## Dataset

definition king_adjacent :: "nat \<Rightarrow> (nat \<Rightarrow> nat) \<Rightarrow> (nat \<Rightarrow> nat) \<Rightarrow> bool" where
  "king_adjacent n x y \<longleftrightarrow> (\<forall>t<n. x t \<le> y t + 1 \<and> y t \<le> x t + 1)"

lemma king_adjacent_sym: "king_adjacent n x y \<longleftrightarrow> king_adjacent n y x"
  unfolding king_adjacent_def by blast

text \<open>A discrete KKM lemma: the labelling \<open>x \<mapsto> [x \<notin> Z j]\<close> admits a fully labelled Kuhn
  simplex.\<close>

lemma kuhn_simplex_straddling:
  fixes Z :: "nat \<Rightarrow> (nat \<Rightarrow> nat) set"
  assumes "0 < p"
    and zero_face: "\<And>x j. \<forall>j. x j \<le> p \<Longrightarrow> j < n \<Longrightarrow> x j = 0 \<Longrightarrow> x \<in> Z j"
    and p_face: "\<And>x j. \<forall>j. x j \<le> p \<Longrightarrow> j < n \<Longrightarrow> x j = p \<Longrightarrow> x \<notin> Z j"
  obtains s where "\<And>v w. v \<in> s \<Longrightarrow> w \<in> s \<Longrightarrow> king_adjacent n v w"
    and "\<exists>w\<in>s. \<forall>j<n. w \<in> Z j"
    and "\<And>j. j < n \<Longrightarrow> \<exists>v\<in>s. v \<notin> Z j"
proof -
  define lab where "lab x j = (if x \<in> Z j then 0 else 1 :: nat)" for x j
  have "odd (card {s. ksimplex p n s \<and> (reduced n \<circ> lab) ` s = {..n}})"
    by (rule kuhn_combinatorial) (auto simp: lab_def assms)
  then have "{s. ksimplex p n s \<and> (reduced n \<circ> lab) ` s = {..n}} \<noteq> {}"
    by (rule odd_card_imp_not_empty)
  then obtain s b u where simplex: "kuhn_simplex p n b u s"
    and fully_labelled: "(reduced n \<circ> lab) ` s = {..n}"
    by (auto elim: ksimplex.cases)
  show thesis
  proof
    show "king_adjacent n v w" if "v \<in> s" "w \<in> s" for v w
    proof -
      have "v t \<le> w t + 1 \<and> w t \<le> v t + 1" for t
        using kuhn_simplex.base_le[OF simplex, of v t] kuhn_simplex.le_Suc_base[OF simplex, of v t]
          kuhn_simplex.base_le[OF simplex, of w t] kuhn_simplex.le_Suc_base[OF simplex, of w t] that
        by linarith
      then show ?thesis
        unfolding king_adjacent_def by blast
    qed
    obtain w where "w \<in> s" "reduced n (lab w) = n"
      using fully_labelled by (metis atMost_iff comp_apply imageE order_refl)
    then show "\<exists>w\<in>s. \<forall>j<n. w \<in> Z j"
      using reduced_labelling(2)[of n "lab w"] by (auto simp: lab_def split: if_splits)
    show "\<exists>v\<in>s. v \<notin> Z j" if "j < n" for j
    proof -
      obtain v where "v \<in> s" "reduced n (lab v) = j"
        using fully_labelled \<open>j < n\<close> by (metis atMost_iff comp_apply imageE less_imp_le)
      then show ?thesis
        using reduced_labelling(3)[of n "lab v"] \<open>j < n\<close> by (auto simp: lab_def split: if_splits)
    qed
  qed
qed
lemma private_pair_inj:
  assumes "finite H"
  shows "inj_on (private_pair H) (H - saturated_edges H)"
proof (rule inj_onI)
  fix h h' assume "h \<in> H - saturated_edges H" "h' \<in> H - saturated_edges H"
    and "private_pair H h = private_pair H h'"
  then show "h = h'"
    using private_pair_spec[OF assms, of h] private_pair_spec[OF assms, of h']
      codegree_one_unique[of H "private_pair H h" h' h] by auto
qed

text \<open>Here \<open>w\<close> is a vertex off the cycle in its first hyperedge, joined to \<open>v 0\<close> or \<open>v 1\<close>
  by a pair of codegree at least three.  Such a pair lies in a hyperedge \<open>g\<close> avoiding the at
  most two cycle hyperedges through that cycle vertex, and the detour through \<open>w\<close> and \<open>g\<close>
  yields a Berge cycle of length \<open>m + 1\<close>.\<close>
lemma berge_cycle_extend_by_heavy_pair:
  assumes "3 \<le> m" and v: "inj_on v {..<m}" and E: "inj_on E {..<m}"
    and cyc: "\<And>i. i < m \<Longrightarrow> E i \<in> H \<and> {v i, v ((i + 1) mod m)} \<subseteq> E i"
    and w: "w \<in> E 0" "w \<notin> v ` {..<m}"
    and u: "u = v 0 \<or> u = v 1" and heavy: "3 \<le> codegree H {u, w}"
    and touch: "\<And>i. i < m \<Longrightarrow> u \<in> E i \<Longrightarrow> u = v i \<or> u = v ((i + 1) mod m)"
  shows "has_berge_cycle H (Suc m)"
proof -
  have "2 \<le> m" using \<open>3 \<le> m\<close> by simp
  have v_eq: "x = y" if "v x = v y" "x < m" "y < m" for x y
    using that inj_onD[OF v] by blast
  have E0: "E 0 \<notin> E ` {1..<m}"
    using inj_onD[OF E, of 0] by fastforce
  have old: "\<And>i. 1 \<le> i \<Longrightarrow> i < m \<Longrightarrow> E i \<in> H \<and> {v i, v ((i + 1) mod m)} \<subseteq> E i"
    using cyc by blast
  have avoid: "\<exists>g. g \<in> H \<and> {u, w} \<subseteq> g \<and> g \<noteq> E 0 \<and> g \<noteq> E j" for j
  proof -
    have "card {E 0, E j} \<le> 2" by (simp add: card_insert_if)
    with heavy have "card {E 0, E j} < codegree H {u, w}" by simp
    then obtain g where "g \<in> H" "{u, w} \<subseteq> g" "g \<notin> {E 0, E j}"
      by (rule codegree_gt_card_avoid[OF finite.insertI[OF finite.insertI[OF finite.emptyI]]])
    then show ?thesis by blast
  qed
  have first: "E 0 \<in> H" "{v 0, v 1} \<subseteq> E 0" using cyc[of 0] \<open>3 \<le> m\<close> by simp_all
  from u show ?thesis
  proof
    assume u0: "u = v 0"
    obtain g where g: "g \<in> H" "{u, w} \<subseteq> g" "g \<noteq> E 0" "g \<noteq> E (m - 1)"
      using avoid by blast
    have g_new: "g \<notin> E ` {1..<m}"
    proof
      assume "g \<in> E ` {1..<m}"
      then obtain i where i: "1 \<le> i" "i < m" "g = E i" by auto
      then have "(i + 1) mod m = 0"
        using touch[of i] g(2) u0 v_eq[of 0 i] v_eq[of 0 "(i + 1) mod m"] \<open>3 \<le> m\<close> by auto
      then have "i = m - 1" using mod_succ_inj[of i m "m - 1"] i(2) by simp
      then show False using g(4) i(3) by simp
    qed
    show ?thesis
      by (rule berge_cycle_insert_vertex[OF \<open>2 \<le> m\<close> v E old w(2), of g "E 0"])
        (use g g_new first w(1) u0 E0 in auto)
  next
    assume u1: "u = v 1"
    obtain g where g: "g \<in> H" "{u, w} \<subseteq> g" "g \<noteq> E 0" "g \<noteq> E 1"
      using avoid by blast
    have g_new: "g \<notin> E ` {1..<m}"
    proof
      assume "g \<in> E ` {1..<m}"
      then obtain i where i: "1 \<le> i" "i < m" "g = E i" by auto
      then have "i = 1 \<or> (i + 1) mod m = 1"
        using touch[of i] g(2) u1 v_eq[of 1 i] v_eq[of 1 "(i + 1) mod m"] \<open>3 \<le> m\<close> by auto
      then have "i = 1" using mod_succ_inj[of i m 0] i \<open>3 \<le> m\<close> by auto
      then show False using g(4) i(3) by simp
    qed
    show ?thesis
      by (rule berge_cycle_insert_vertex[OF \<open>2 \<le> m\<close> v E old w(2), of "E 0" g])
        (use g g_new first w(1) u1 E0 in auto)
  qed
qed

## What the task asks
All of the material above should be printed out in full, word for word.

## Solution
definition king_adjacent :: "nat \<Rightarrow> (nat \<Rightarrow> nat) \<Rightarrow> (nat \<Rightarrow> nat) \<Rightarrow> bool" where
  "king_adjacent n x y \<longleftrightarrow> (\<forall>t<n. x t \<le> y t + 1 \<and> y t \<le> x t + 1)"

lemma king_adjacent_sym: "king_adjacent n x y \<longleftrightarrow> king_adjacent n y x"
  unfolding king_adjacent_def by blast

text \<open>A discrete KKM lemma: the labelling \<open>x \<mapsto> [x \<notin> Z j]\<close> admits a fully labelled Kuhn
  simplex.\<close>

lemma kuhn_simplex_straddling:
  fixes Z :: "nat \<Rightarrow> (nat \<Rightarrow> nat) set"
  assumes "0 < p"
    and zero_face: "\<And>x j. \<forall>j. x j \<le> p \<Longrightarrow> j < n \<Longrightarrow> x j = 0 \<Longrightarrow> x \<in> Z j"
    and p_face: "\<And>x j. \<forall>j. x j \<le> p \<Longrightarrow> j < n \<Longrightarrow> x j = p \<Longrightarrow> x \<notin> Z j"
  obtains s where "\<And>v w. v \<in> s \<Longrightarrow> w \<in> s \<Longrightarrow> king_adjacent n v w"
    and "\<exists>w\<in>s. \<forall>j<n. w \<in> Z j"
    and "\<And>j. j < n \<Longrightarrow> \<exists>v\<in>s. v \<notin> Z j"
proof -
  define lab where "lab x j = (if x \<in> Z j then 0 else 1 :: nat)" for x j
  have "odd (card {s. ksimplex p n s \<and> (reduced n \<circ> lab) ` s = {..n}})"
    by (rule kuhn_combinatorial) (auto simp: lab_def assms)
  then have "{s. ksimplex p n s \<and> (reduced n \<circ> lab) ` s = {..n}} \<noteq> {}"
    by (rule odd_card_imp_not_empty)
  then obtain s b u where simplex: "kuhn_simplex p n b u s"
    and fully_labelled: "(reduced n \<circ> lab) ` s = {..n}"
    by (auto elim: ksimplex.cases)
  show thesis
  proof
    show "king_adjacent n v w" if "v \<in> s" "w \<in> s" for v w
    proof -
      have "v t \<le> w t + 1 \<and> w t \<le> v t + 1" for t
        using kuhn_simplex.base_le[OF simplex, of v t] kuhn_simplex.le_Suc_base[OF simplex, of v t]
          kuhn_simplex.base_le[OF simplex, of w t] kuhn_simplex.le_Suc_base[OF simplex, of w t] that
        by linarith
      then show ?thesis
        unfolding king_adjacent_def by blast
    qed
    obtain w where "w \<in> s" "reduced n (lab w) = n"
      using fully_labelled by (metis atMost_iff comp_apply imageE order_refl)
    then show "\<exists>w\<in>s. \<forall>j<n. w \<in> Z j"
      using reduced_labelling(2)[of n "lab w"] by (auto simp: lab_def split: if_splits)
    show "\<exists>v\<in>s. v \<notin> Z j" if "j < n" for j
    proof -
      obtain v where "v \<in> s" "reduced n (lab v) = j"
        using fully_labelled \<open>j < n\<close> by (metis atMost_iff comp_apply imageE less_imp_le)
      then show ?thesis
        using reduced_labelling(3)[of n "lab v"] \<open>j < n\<close> by (auto simp: lab_def split: if_splits)
    qed
  qed
qed
lemma private_pair_inj:
  assumes "finite H"
  shows "inj_on (private_pair H) (H - saturated_edges H)"
proof (rule inj_onI)
  fix h h' assume "h \<in> H - saturated_edges H" "h' \<in> H - saturated_edges H"
    and "private_pair H h = private_pair H h'"
  then show "h = h'"
    using private_pair_spec[OF assms, of h] private_pair_spec[OF assms, of h']
      codegree_one_unique[of H "private_pair H h" h' h] by auto
qed

text \<open>Here \<open>w\<close> is a vertex off the cycle in its first hyperedge, joined to \<open>v 0\<close> or \<open>v 1\<close>
  by a pair of codegree at least three.  Such a pair lies in a hyperedge \<open>g\<close> avoiding the at
  most two cycle hyperedges through that cycle vertex, and the detour through \<open>w\<close> and \<open>g\<close>
  yields a Berge cycle of length \<open>m + 1\<close>.\<close>
lemma berge_cycle_extend_by_heavy_pair:
  assumes "3 \<le> m" and v: "inj_on v {..<m}" and E: "inj_on E {..<m}"
    and cyc: "\<And>i. i < m \<Longrightarrow> E i \<in> H \<and> {v i, v ((i + 1) mod m)} \<subseteq> E i"
    and w: "w \<in> E 0" "w \<notin> v ` {..<m}"
    and u: "u = v 0 \<or> u = v 1" and heavy: "3 \<le> codegree H {u, w}"
    and touch: "\<And>i. i < m \<Longrightarrow> u \<in> E i \<Longrightarrow> u = v i \<or> u = v ((i + 1) mod m)"
  shows "has_berge_cycle H (Suc m)"
proof -
  have "2 \<le> m" using \<open>3 \<le> m\<close> by simp
  have v_eq: "x = y" if "v x = v y" "x < m" "y < m" for x y
    using that inj_onD[OF v] by blast
  have E0: "E 0 \<notin> E ` {1..<m}"
    using inj_onD[OF E, of 0] by fastforce
  have old: "\<And>i. 1 \<le> i \<Longrightarrow> i < m \<Longrightarrow> E i \<in> H \<and> {v i, v ((i + 1) mod m)} \<subseteq> E i"
    using cyc by blast
  have avoid: "\<exists>g. g \<in> H \<and> {u, w} \<subseteq> g \<and> g \<noteq> E 0 \<and> g \<noteq> E j" for j
  proof -
    have "card {E 0, E j} \<le> 2" by (simp add: card_insert_if)
    with heavy have "card {E 0, E j} < codegree H {u, w}" by simp
    then obtain g where "g \<in> H" "{u, w} \<subseteq> g" "g \<notin> {E 0, E j}"
      by (rule codegree_gt_card_avoid[OF finite.insertI[OF finite.insertI[OF finite.emptyI]]])
    then show ?thesis by blast
  qed
  have first: "E 0 \<in> H" "{v 0, v 1} \<subseteq> E 0" using cyc[of 0] \<open>3 \<le> m\<close> by simp_all
  from u show ?thesis
  proof
    assume u0: "u = v 0"
    obtain g where g: "g \<in> H" "{u, w} \<subseteq> g" "g \<noteq> E 0" "g \<noteq> E (m - 1)"
      using avoid by blast
    have g_new: "g \<notin> E ` {1..<m}"
    proof
      assume "g \<in> E ` {1..<m}"
      then obtain i where i: "1 \<le> i" "i < m" "g = E i" by auto
      then have "(i + 1) mod m = 0"
        using touch[of i] g(2) u0 v_eq[of 0 i] v_eq[of 0 "(i + 1) mod m"] \<open>3 \<le> m\<close> by auto
      then have "i = m - 1" using mod_succ_inj[of i m "m - 1"] i(2) by simp
      then show False using g(4) i(3) by simp
    qed
    show ?thesis
      by (rule berge_cycle_insert_vertex[OF \<open>2 \<le> m\<close> v E old w(2), of g "E 0"])
        (use g g_new first w(1) u0 E0 in auto)
  next
    assume u1: "u = v 1"
    obtain g where g: "g \<in> H" "{u, w} \<subseteq> g" "g \<noteq> E 0" "g \<noteq> E 1"
      using avoid by blast
    have g_new: "g \<notin> E ` {1..<m}"
    proof
      assume "g \<in> E ` {1..<m}"
      then obtain i where i: "1 \<le> i" "i < m" "g = E i" by auto
      then have "i = 1 \<or> (i + 1) mod m = 1"
        using touch[of i] g(2) u1 v_eq[of 1 i] v_eq[of 1 "(i + 1) mod m"] \<open>3 \<le> m\<close> by auto
      then have "i = 1" using mod_succ_inj[of i m 0] i \<open>3 \<le> m\<close> by auto
      then show False using g(4) i(3) by simp
    qed
    show ?thesis
      by (rule berge_cycle_insert_vertex[OF \<open>2 \<le> m\<close> v E old w(2), of "E 0" g])
        (use g g_new first w(1) u1 E0 in auto)
  qed
qed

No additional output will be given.